══ Information provided

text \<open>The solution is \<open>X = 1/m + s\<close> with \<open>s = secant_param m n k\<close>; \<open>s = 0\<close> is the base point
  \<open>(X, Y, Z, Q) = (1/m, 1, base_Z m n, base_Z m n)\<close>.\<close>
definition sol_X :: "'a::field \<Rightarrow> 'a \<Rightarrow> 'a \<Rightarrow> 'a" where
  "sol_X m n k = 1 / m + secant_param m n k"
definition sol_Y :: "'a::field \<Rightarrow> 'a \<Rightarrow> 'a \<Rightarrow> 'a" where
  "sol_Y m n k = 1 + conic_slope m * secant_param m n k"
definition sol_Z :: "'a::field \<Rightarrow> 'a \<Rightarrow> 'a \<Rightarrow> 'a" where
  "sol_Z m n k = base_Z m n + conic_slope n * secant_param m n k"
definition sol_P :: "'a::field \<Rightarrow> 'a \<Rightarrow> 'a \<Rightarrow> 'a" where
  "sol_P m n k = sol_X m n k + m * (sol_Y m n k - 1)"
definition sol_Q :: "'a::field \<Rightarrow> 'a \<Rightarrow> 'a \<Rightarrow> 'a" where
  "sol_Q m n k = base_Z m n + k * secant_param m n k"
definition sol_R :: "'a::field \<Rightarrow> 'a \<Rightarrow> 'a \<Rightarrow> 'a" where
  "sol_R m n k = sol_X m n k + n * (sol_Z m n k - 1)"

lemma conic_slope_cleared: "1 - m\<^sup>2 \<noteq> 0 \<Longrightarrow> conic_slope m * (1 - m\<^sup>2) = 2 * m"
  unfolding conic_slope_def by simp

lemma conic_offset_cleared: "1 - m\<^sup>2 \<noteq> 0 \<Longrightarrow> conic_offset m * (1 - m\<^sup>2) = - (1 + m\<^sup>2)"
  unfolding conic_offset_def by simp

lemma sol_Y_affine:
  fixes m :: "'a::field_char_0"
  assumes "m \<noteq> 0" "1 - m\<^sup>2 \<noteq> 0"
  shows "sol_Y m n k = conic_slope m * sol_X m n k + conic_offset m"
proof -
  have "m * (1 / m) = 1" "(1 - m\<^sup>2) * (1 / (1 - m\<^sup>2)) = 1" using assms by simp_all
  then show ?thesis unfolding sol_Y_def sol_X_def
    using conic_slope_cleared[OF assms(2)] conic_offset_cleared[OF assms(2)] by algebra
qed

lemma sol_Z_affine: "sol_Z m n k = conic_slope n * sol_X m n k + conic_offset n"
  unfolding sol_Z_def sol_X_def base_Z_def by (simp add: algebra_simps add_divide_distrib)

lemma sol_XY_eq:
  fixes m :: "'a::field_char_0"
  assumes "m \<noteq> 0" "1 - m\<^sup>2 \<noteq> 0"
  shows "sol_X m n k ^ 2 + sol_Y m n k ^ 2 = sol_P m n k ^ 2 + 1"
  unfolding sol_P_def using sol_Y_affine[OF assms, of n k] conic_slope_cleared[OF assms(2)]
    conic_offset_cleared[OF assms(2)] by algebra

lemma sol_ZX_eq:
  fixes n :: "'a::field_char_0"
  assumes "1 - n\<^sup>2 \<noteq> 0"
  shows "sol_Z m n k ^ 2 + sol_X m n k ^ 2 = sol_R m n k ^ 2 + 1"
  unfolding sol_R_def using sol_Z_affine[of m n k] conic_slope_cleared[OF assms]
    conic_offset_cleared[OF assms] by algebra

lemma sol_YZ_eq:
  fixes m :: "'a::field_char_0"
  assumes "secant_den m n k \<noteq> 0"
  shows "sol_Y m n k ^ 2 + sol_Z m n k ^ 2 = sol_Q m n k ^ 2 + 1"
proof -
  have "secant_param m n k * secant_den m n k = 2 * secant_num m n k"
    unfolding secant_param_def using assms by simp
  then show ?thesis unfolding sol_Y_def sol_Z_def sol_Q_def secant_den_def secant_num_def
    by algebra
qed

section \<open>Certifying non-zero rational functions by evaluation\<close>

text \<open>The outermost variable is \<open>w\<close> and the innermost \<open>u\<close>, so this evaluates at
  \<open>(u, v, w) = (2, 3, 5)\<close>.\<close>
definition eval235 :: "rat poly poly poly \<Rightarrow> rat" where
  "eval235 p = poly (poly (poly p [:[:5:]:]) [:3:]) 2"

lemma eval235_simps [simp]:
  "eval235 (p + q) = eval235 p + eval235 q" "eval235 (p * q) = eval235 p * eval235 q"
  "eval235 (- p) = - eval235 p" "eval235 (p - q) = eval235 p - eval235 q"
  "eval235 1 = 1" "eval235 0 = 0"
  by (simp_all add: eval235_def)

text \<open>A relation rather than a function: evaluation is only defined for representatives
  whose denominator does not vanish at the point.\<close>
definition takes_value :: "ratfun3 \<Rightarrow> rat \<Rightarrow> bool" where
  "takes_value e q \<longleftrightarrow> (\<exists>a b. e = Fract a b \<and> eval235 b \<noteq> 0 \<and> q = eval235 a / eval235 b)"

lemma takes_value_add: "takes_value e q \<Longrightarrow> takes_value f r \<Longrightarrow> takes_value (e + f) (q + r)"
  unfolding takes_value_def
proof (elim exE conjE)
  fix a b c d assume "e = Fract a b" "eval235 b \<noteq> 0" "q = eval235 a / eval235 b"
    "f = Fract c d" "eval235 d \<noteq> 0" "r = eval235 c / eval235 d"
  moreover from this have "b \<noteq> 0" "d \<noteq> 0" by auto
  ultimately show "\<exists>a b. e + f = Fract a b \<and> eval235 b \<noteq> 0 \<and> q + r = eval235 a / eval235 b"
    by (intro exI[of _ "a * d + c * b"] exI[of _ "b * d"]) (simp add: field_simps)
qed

════

[Work instruction]:
Search the entries for the string "text" and return each line where it turns up.

[Reply]:
text \<open>The solution is \<open>X = 1/m + s\<close> with \<open>s = secant_param m n k\<close>; \<open>s = 0\<close> is the base point
text \<open>The outermost variable is \<open>w\<close> and the innermost \<open>u\<close>, so this evaluates at
text \<open>A relation rather than a function: evaluation is only defined for representatives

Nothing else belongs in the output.